* _The data_
text \<open>A_n = R[x_0..x_n]/(sum x_i^2 - 1) is realised as the ring of polynomial
  functions on the sphere S^n (extensionally zero off the sphere).\<close>

definition sph :: "nat \<Rightarrow> (nat \<Rightarrow> real) set" where
  "sph n = {x. (\<forall>i>n. x i = 0) \<and> (\<Sum>i\<le>n. (x i)^2) = 1}"

inductive_set polyfun :: "nat \<Rightarrow> ((nat \<Rightarrow> real) \<Rightarrow> real) set" for n where
  pf_const: "(\<lambda>x. c) \<in> polyfun n"
| pf_var: "i \<le> n \<Longrightarrow> (\<lambda>x. x i) \<in> polyfun n"
| pf_add: "p \<in> polyfun n \<Longrightarrow> q \<in> polyfun n \<Longrightarrow> (\<lambda>x. p x + q x) \<in> polyfun n"
| pf_mult: "p \<in> polyfun n \<Longrightarrow> q \<in> polyfun n \<Longrightarrow> (\<lambda>x. p x * q x) \<in> polyfun n"

definition An :: "nat \<Rightarrow> ((nat \<Rightarrow> real) \<Rightarrow> real) set" where
  "An n = {f. \<exists>p\<in>polyfun n. f = (\<lambda>x. if x \<in> sph n then p x else 0)}"

definition An_pow :: "nat \<Rightarrow> nat \<Rightarrow> (nat \<Rightarrow> (nat \<Rightarrow> real) \<Rightarrow> real) set" where
  "An_pow n N = {v. (\<forall>i<N. v i \<in> An n) \<and> (\<forall>i\<ge>N. v i = (\<lambda>x. 0))}"

text \<open>An element is given by its coordinates w.r.t. the basis e_S = e_{s_1}...e_{s_k}
  (s_1 < ... < s_k), S a subset of {0..n}.\<close>
type_synonym cl = "nat set \<Rightarrow> real"

definition Cl :: "nat \<Rightarrow> cl set" where
  "Cl n = {a. \<forall>S. \<not> S \<subseteq> {..n} \<longrightarrow> a S = 0}"

definition cl_zero :: cl where "cl_zero = (\<lambda>S. 0)"
definition cl_one :: cl where "cl_one = (\<lambda>S. if S = {} then 1 else 0)"
definition cl_gen :: "nat \<Rightarrow> cl" where "cl_gen i = (\<lambda>S. if S = {i} then 1 else 0)"
definition cl_basis :: "nat set \<Rightarrow> cl" where "cl_basis T = (\<lambda>S. if S = T then 1 else 0)"
definition cl_add :: "cl \<Rightarrow> cl \<Rightarrow> cl" where "cl_add a b = (\<lambda>S. a S + b S)"
definition cl_scale :: "real \<Rightarrow> cl \<Rightarrow> cl" where "cl_scale r a = (\<lambda>S. r * a S)"

text \<open>Sign of e_S e_T = sign * e_{S symdiff T} (using e_i^2 = 1, e_i e_j = - e_j e_i).\<close>
definition cl_sign :: "nat set \<Rightarrow> nat set \<Rightarrow> real" where
  "cl_sign S T = (-1) ^ card {(s, t). s \<in> S \<and> t \<in> T \<and> t < s}"

definition cl_mult :: "nat \<Rightarrow> cl \<Rightarrow> cl \<Rightarrow> cl" where
  "cl_mult n a b = (\<lambda>U. \<Sum>S\<in>Pow {..n}. \<Sum>T\<in>Pow {..n}.
      if (S - T) \<union> (T - S) = U then cl_sign S T * a S * b T else 0)"

definition cl_w :: "nat \<Rightarrow> cl" where
  "cl_w n = foldr (cl_mult n) (map cl_gen [0..<Suc n]) cl_one"

definition hbar_plus :: "nat \<Rightarrow> cl" where
  "hbar_plus n = cl_scale (1/2) (cl_add cl_one (cl_w n))"

text \<open>tau: algebra automorphism with tau(e_i) = -e_i, i.e. (-1)^|S| on e_S.\<close>
definition cl_tau :: "cl \<Rightarrow> cl" where
  "cl_tau a = (\<lambda>S. (-1) ^ card S * a S)"

text \<open>sigma: reversion, sigma(e_S) = (-1)^(k(k-1)/2) e_S for |S| = k.\<close>
definition cl_rev :: "cl \<Rightarrow> cl" where
  "cl_rev a = (\<lambda>S. (-1) ^ (card S * (card S - 1) div 2) * a S)"

definition cl_tr :: "nat \<Rightarrow> cl \<Rightarrow> real" where
  "cl_tr n a = (\<Sum>S\<in>Pow {..n}. cl_mult n a (cl_basis S) S)"

definition cl_beta :: "nat \<Rightarrow> cl \<Rightarrow> cl \<Rightarrow> real" where
  "cl_beta n x y = cl_tr n (cl_mult n (cl_rev x) y)"

definition is_idem :: "nat \<Rightarrow> cl \<Rightarrow> bool" where
  "is_idem n p \<longleftrightarrow> p \<in> Cl n \<and> cl_mult n p p = p"

definition primitive_idem :: "nat \<Rightarrow> cl \<Rightarrow> bool" where
  "primitive_idem n p \<longleftrightarrow> is_idem n p \<and> p \<noteq> cl_zero \<and>
     \<not> (\<exists>q r. is_idem n q \<and> is_idem n r \<and> q \<noteq> cl_zero \<and> r \<noteq> cl_zero \<and>
            cl_mult n q r = cl_zero \<and> cl_mult n r q = cl_zero \<and> p = cl_add q r)"

definition left_ideal :: "nat \<Rightarrow> cl \<Rightarrow> cl set" where
  "left_ideal n p = {cl_mult n c p | c. c \<in> Cl n}"

definition has_real_dim :: "cl set \<Rightarrow> nat \<Rightarrow> bool" where
  "has_real_dim E N \<longleftrightarrow> (\<exists>b :: nat \<Rightarrow> cl. (\<forall>i<N. b i \<in> E) \<and>
     (\<forall>c. (\<lambda>S. \<Sum>i<N. c i * b i S) = cl_zero \<longrightarrow> (\<forall>i<N. c i = 0)) \<and>
     (\<forall>v\<in>E. \<exists>c. v = (\<lambda>S. \<Sum>i<N. c i * b i S)))"

type_synonym sec = "(nat \<Rightarrow> real) \<Rightarrow> cl"

text \<open>A_n \<otimes>_R E as the finite sums of elementary tensors a \<otimes> v, realised as
  C-valued functions on the sphere.\<close>
definition tensA :: "nat \<Rightarrow> cl set \<Rightarrow> sec set" where
  "tensA n E = {u. \<exists>m (a :: nat \<Rightarrow> (nat \<Rightarrow> real) \<Rightarrow> real) (v :: nat \<Rightarrow> cl).
      (\<forall>k<m. a k \<in> An n \<and> v k \<in> E) \<and> u = (\<lambda>x S. \<Sum>k<m. a k x * v k S)}"

definition phi_at :: "nat \<Rightarrow> (nat \<Rightarrow> real) \<Rightarrow> cl" where
  "phi_at n x = cl_scale (1/2) (\<lambda>S. cl_one S + (\<Sum>i\<le>n. x i * cl_gen i S))"

definition Phi :: "nat \<Rightarrow> sec \<Rightarrow> sec" where
  "Phi n u = (\<lambda>x. if x \<in> sph n then cl_mult n (phi_at n x) (u x) else cl_zero)"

* _What is needed_
Quote every entry exactly.

* _Result of this exercise_
text \<open>A_n = R[x_0..x_n]/(sum x_i^2 - 1) is realised as the ring of polynomial
  functions on the sphere S^n (extensionally zero off the sphere).\<close>

definition sph :: "nat \<Rightarrow> (nat \<Rightarrow> real) set" where
  "sph n = {x. (\<forall>i>n. x i = 0) \<and> (\<Sum>i\<le>n. (x i)^2) = 1}"

inductive_set polyfun :: "nat \<Rightarrow> ((nat \<Rightarrow> real) \<Rightarrow> real) set" for n where
  pf_const: "(\<lambda>x. c) \<in> polyfun n"
| pf_var: "i \<le> n \<Longrightarrow> (\<lambda>x. x i) \<in> polyfun n"
| pf_add: "p \<in> polyfun n \<Longrightarrow> q \<in> polyfun n \<Longrightarrow> (\<lambda>x. p x + q x) \<in> polyfun n"
| pf_mult: "p \<in> polyfun n \<Longrightarrow> q \<in> polyfun n \<Longrightarrow> (\<lambda>x. p x * q x) \<in> polyfun n"

definition An :: "nat \<Rightarrow> ((nat \<Rightarrow> real) \<Rightarrow> real) set" where
  "An n = {f. \<exists>p\<in>polyfun n. f = (\<lambda>x. if x \<in> sph n then p x else 0)}"

definition An_pow :: "nat \<Rightarrow> nat \<Rightarrow> (nat \<Rightarrow> (nat \<Rightarrow> real) \<Rightarrow> real) set" where
  "An_pow n N = {v. (\<forall>i<N. v i \<in> An n) \<and> (\<forall>i\<ge>N. v i = (\<lambda>x. 0))}"

text \<open>An element is given by its coordinates w.r.t. the basis e_S = e_{s_1}...e_{s_k}
  (s_1 < ... < s_k), S a subset of {0..n}.\<close>
type_synonym cl = "nat set \<Rightarrow> real"

definition Cl :: "nat \<Rightarrow> cl set" where
  "Cl n = {a. \<forall>S. \<not> S \<subseteq> {..n} \<longrightarrow> a S = 0}"

definition cl_zero :: cl where "cl_zero = (\<lambda>S. 0)"
definition cl_one :: cl where "cl_one = (\<lambda>S. if S = {} then 1 else 0)"
definition cl_gen :: "nat \<Rightarrow> cl" where "cl_gen i = (\<lambda>S. if S = {i} then 1 else 0)"
definition cl_basis :: "nat set \<Rightarrow> cl" where "cl_basis T = (\<lambda>S. if S = T then 1 else 0)"
definition cl_add :: "cl \<Rightarrow> cl \<Rightarrow> cl" where "cl_add a b = (\<lambda>S. a S + b S)"
definition cl_scale :: "real \<Rightarrow> cl \<Rightarrow> cl" where "cl_scale r a = (\<lambda>S. r * a S)"

text \<open>Sign of e_S e_T = sign * e_{S symdiff T} (using e_i^2 = 1, e_i e_j = - e_j e_i).\<close>
definition cl_sign :: "nat set \<Rightarrow> nat set \<Rightarrow> real" where
  "cl_sign S T = (-1) ^ card {(s, t). s \<in> S \<and> t \<in> T \<and> t < s}"

definition cl_mult :: "nat \<Rightarrow> cl \<Rightarrow> cl \<Rightarrow> cl" where
  "cl_mult n a b = (\<lambda>U. \<Sum>S\<in>Pow {..n}. \<Sum>T\<in>Pow {..n}.
      if (S - T) \<union> (T - S) = U then cl_sign S T * a S * b T else 0)"

definition cl_w :: "nat \<Rightarrow> cl" where
  "cl_w n = foldr (cl_mult n) (map cl_gen [0..<Suc n]) cl_one"

definition hbar_plus :: "nat \<Rightarrow> cl" where
  "hbar_plus n = cl_scale (1/2) (cl_add cl_one (cl_w n))"

text \<open>tau: algebra automorphism with tau(e_i) = -e_i, i.e. (-1)^|S| on e_S.\<close>
definition cl_tau :: "cl \<Rightarrow> cl" where
  "cl_tau a = (\<lambda>S. (-1) ^ card S * a S)"

text \<open>sigma: reversion, sigma(e_S) = (-1)^(k(k-1)/2) e_S for |S| = k.\<close>
definition cl_rev :: "cl \<Rightarrow> cl" where
  "cl_rev a = (\<lambda>S. (-1) ^ (card S * (card S - 1) div 2) * a S)"

definition cl_tr :: "nat \<Rightarrow> cl \<Rightarrow> real" where
  "cl_tr n a = (\<Sum>S\<in>Pow {..n}. cl_mult n a (cl_basis S) S)"

definition cl_beta :: "nat \<Rightarrow> cl \<Rightarrow> cl \<Rightarrow> real" where
  "cl_beta n x y = cl_tr n (cl_mult n (cl_rev x) y)"

definition is_idem :: "nat \<Rightarrow> cl \<Rightarrow> bool" where
  "is_idem n p \<longleftrightarrow> p \<in> Cl n \<and> cl_mult n p p = p"

definition primitive_idem :: "nat \<Rightarrow> cl \<Rightarrow> bool" where
  "primitive_idem n p \<longleftrightarrow> is_idem n p \<and> p \<noteq> cl_zero \<and>
     \<not> (\<exists>q r. is_idem n q \<and> is_idem n r \<and> q \<noteq> cl_zero \<and> r \<noteq> cl_zero \<and>
            cl_mult n q r = cl_zero \<and> cl_mult n r q = cl_zero \<and> p = cl_add q r)"

definition left_ideal :: "nat \<Rightarrow> cl \<Rightarrow> cl set" where
  "left_ideal n p = {cl_mult n c p | c. c \<in> Cl n}"

definition has_real_dim :: "cl set \<Rightarrow> nat \<Rightarrow> bool" where
  "has_real_dim E N \<longleftrightarrow> (\<exists>b :: nat \<Rightarrow> cl. (\<forall>i<N. b i \<in> E) \<and>
     (\<forall>c. (\<lambda>S. \<Sum>i<N. c i * b i S) = cl_zero \<longrightarrow> (\<forall>i<N. c i = 0)) \<and>
     (\<forall>v\<in>E. \<exists>c. v = (\<lambda>S. \<Sum>i<N. c i * b i S)))"

type_synonym sec = "(nat \<Rightarrow> real) \<Rightarrow> cl"

text \<open>A_n \<otimes>_R E as the finite sums of elementary tensors a \<otimes> v, realised as
  C-valued functions on the sphere.\<close>
definition tensA :: "nat \<Rightarrow> cl set \<Rightarrow> sec set" where
  "tensA n E = {u. \<exists>m (a :: nat \<Rightarrow> (nat \<Rightarrow> real) \<Rightarrow> real) (v :: nat \<Rightarrow> cl).
      (\<forall>k<m. a k \<in> An n \<and> v k \<in> E) \<and> u = (\<lambda>x S. \<Sum>k<m. a k x * v k S)}"

definition phi_at :: "nat \<Rightarrow> (nat \<Rightarrow> real) \<Rightarrow> cl" where
  "phi_at n x = cl_scale (1/2) (\<lambda>S. cl_one S + (\<Sum>i\<le>n. x i * cl_gen i S))"

definition Phi :: "nat \<Rightarrow> sec \<Rightarrow> sec" where
  "Phi n u = (\<lambda>x. if x \<in> sph n then cl_mult n (phi_at n x) (u x) else cl_zero)"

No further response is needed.